You were working as a waitress in a cocktail bar
When I met you
I picked you out, I shook you up, and turned you around
Turned you into someone new
Now five years later on you've got the world at your feet
Success has been so easy for you
But don't forget it's me who put you where you are now
And I can put you back down too


The thing that made "Don't You Want Me" such an enduring song is its narrative. Cribbed from a story in an American women's magazine, on paper or the screen the narrative is fairly clichéd: boy finds girl, girl falls for boy, boy makes girl a star, girl leaves boy. It's a convention sort of fantasy, the sort of thing we've seen enacted before us with (to name two examples) Sonny and Cher or Zhang Yimou and Gong Li. In the context of a short four-minute pop song, though, this compact conventional narrative is something that a listener can easily latch onto.

CHORUS:
Don't, don't you want me?
You know I can't believe it when I hear that you won't see me
Don't, don't you want me?
You know I don't believe you when you say that you don't need me
It's much too late to find
You think you've changed your mind
You'd better change it back or we will both be sorry

Don't you want me baby? Don't you want me oh
Don't you want me baby? Don't you want me oh


Compare, if you would, the brilliant teen-drama songs written by Goffin and King for the singers and groups of Motown in the 1960s. In the space of just a few minutes they--the songs, the performers--managed to communicate an entire universe of impressions and assumptions and hopes. Can I let myself fall in love with you, even though everyone will be against us? Can I trust you not to hurt me? Will this work out? Simple songs, yes, but universal desires.
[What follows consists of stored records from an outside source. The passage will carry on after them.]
lemma SC_hard_metric_gt:
  assumes "1 \<le> j" "j < m"
  shows "3 * SC 0 (hard_profile m) (hard_metric j) < SC j (hard_profile m) (hard_metric j)"
proof -
  let ?A = "{..<hard_size m}"
  have card_less: "card {i \<in> ?A. agent_type i = j} < card {i \<in> ?A. agent_type i < j}"
    using assms power2_less_hard_size[of j m] power2_less_hard_size[of "j - 1" m]
      card_agent_type_eq card_agent_type_less by simp
  have "SC j (hard_profile m) (hard_metric j) - 3 * SC 0 (hard_profile m) (hard_metric j)
      = (\<Sum>i\<in>?A. hard_alt_dist j (agent_type i) j - 3 * hard_alt_dist j (agent_type i) 0)"
    by (simp add: SC_def hard_metric_def sum_subtractf sum_distrib_left)
  also have "\<dots> = (\<Sum>i\<in>?A. 2 * of_bool (agent_type i < j) - 2 * of_bool (agent_type i = j))"
    using assms(1) by (intro sum.cong) (auto simp: hard_alt_dist_def)
  also have "\<dots> = 2 * real (card {i \<in> ?A. agent_type i < j}) - 2 * real (card {i \<in> ?A. agent_type i = j})"
    by (simp add: sum_subtractf flip: sum_distrib_left) (simp add: sum_of_bool_eq Int_def conj_commute)
  finally show ?thesis
    using card_less by linarith
qed

lemma metric_distortion_gt_3_if_hard_winner_nonzero:
  assumes "f m (hard_profile m) \<noteq> 0" "f m (hard_profile m) < m"
  shows "3 < metric_distortion f m"
proof -
  let ?j = "f m (hard_profile m)"
  have "1 \<le> ?j" "1 \<le> m"
    using assms by auto
  then show ?thesis
    using metric_distortion_gt[of m "hard_profile m" "hard_metric ?j" 0 3 f]
      valid_hard_profile metric_consistent_hard_metric SC_hard_metric_gt assms(2)
    by simp
qed

section \<open>Utilities against the winner 0\<close>

definition hard_utility :: "nat \<Rightarrow> nat \<Rightarrow> nat \<Rightarrow> real" where
  "hard_utility m i X = (if agent_type i = 0 then 1 / real m else of_bool (X = agent_type i))"

lemma utility_consistent_hard_utility:
  assumes "1 \<le> m"
  shows "utility_consistent m (hard_profile m) (hard_utility m)"
proof -
  have unit_sum: "(\<Sum>X<m. hard_utility m i X) = 1" if "i < hard_size m" for i
  proof (cases "agent_type i = 0")
    case True
    then show ?thesis
      using assms by (simp add: hard_utility_def)
  next
    case False
    have "agent_type i < m"
      using assms that agent_type_less_alternatives[of m i] by simp
    with False show ?thesis
      by (simp add: hard_utility_def of_bool_def sum.delta)
  qed
  have monotone: "hard_utility m i Y \<le> hard_utility m i X"
    if "i < hard_size m" "prefers (hard_profile m ! i) X Y" for i X Y
  proof -
    have "hard_key (agent_type i) X < hard_key (agent_type i) Y"
      using hard_profile_prefers_imp_key_less that by simp
    then show ?thesis
      by (auto simp: hard_utility_def hard_key_def split: if_splits)
  qed
  show ?thesis
    unfolding utility_consistent_def using unit_sum monotone by (simp add: hard_utility_def)
qed

lemma SW_hard_utility_0:
  assumes "1 \<le> m"
  shows "SW 0 (hard_profile m) (hard_utility m) = 2 / real m"
proof -
  let ?A = "{..<hard_size m}"
  have "SW 0 (hard_profile m) (hard_utility m) = (\<Sum>i\<in>?A. if agent_type i = 0 then 1 / real m else 0)"
    unfolding SW_def by (intro sum.cong) (auto simp: hard_utility_def)
  also have "\<dots> = (\<Sum>i\<in>{i \<in> ?A. agent_type i = 0}. 1 / real m)"
    by (rule sum.inter_filter[symmetric]) simp
  also have "{i \<in> ?A. agent_type i = 0} = {..1}"
    using assms agent_type_le_iff[of _ 0] power2_less_hard_size[of 0 m] by auto
  finally show ?thesis
    by simp
qed

lemma SW_hard_utility_top:
  assumes "2 \<le> m"
  shows "2 ^ (m - 2) \<le> SW (m - 1) (hard_profile m) (hard_utility m)"
proof -
  let ?A = "{..<hard_size m}"
  have "(2::real) ^ (m - 2) = card {i \<in> ?A. agent_type i = m - 1}"
    using assms card_agent_type_eq[of "m - 1"] power2_less_hard_size[of "m - 1" m]
    by (simp add: numeral_2_eq_2)
  also have "\<dots> = (\<Sum>i\<in>?A. of_bool (agent_type i = m - 1))"
    by (simp add: sum_of_bool_eq Int_def conj_commute)
  also have "\<dots> \<le> SW (m - 1) (hard_profile m) (hard_utility m)"
    unfolding SW_def length_hard_profile
    by (intro sum_mono) (use assms in \<open>auto simp: hard_utility_def\<close>)
  finally show ?thesis .
qed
I was working as a waitress in a cocktail bar
That much is true
But even then I knew I'd find a much better place
Either with or without you
The five years we have had have been such good times
I still love you
But now I think it's time I lived my life on my own
I guess it's just what I must do


"Don't You Want Me" provides the listener with the added benefit of two contrasting voices. Is he delusional, even dangerous ("You think you've changed your mind/You'd better change it back or we will both be sorry")? The accompanying video does hint at this. Has she cruelly abandoned him, is she even now toying with him ("I still love you")? Again, in the video she does take on the appearance of a cynically pampered star. Is the true story somewhere in between? All this is left for the listener to decide, as the song chimes to its inevitable end. Genius can be found in unexpected places, and so it is with this song.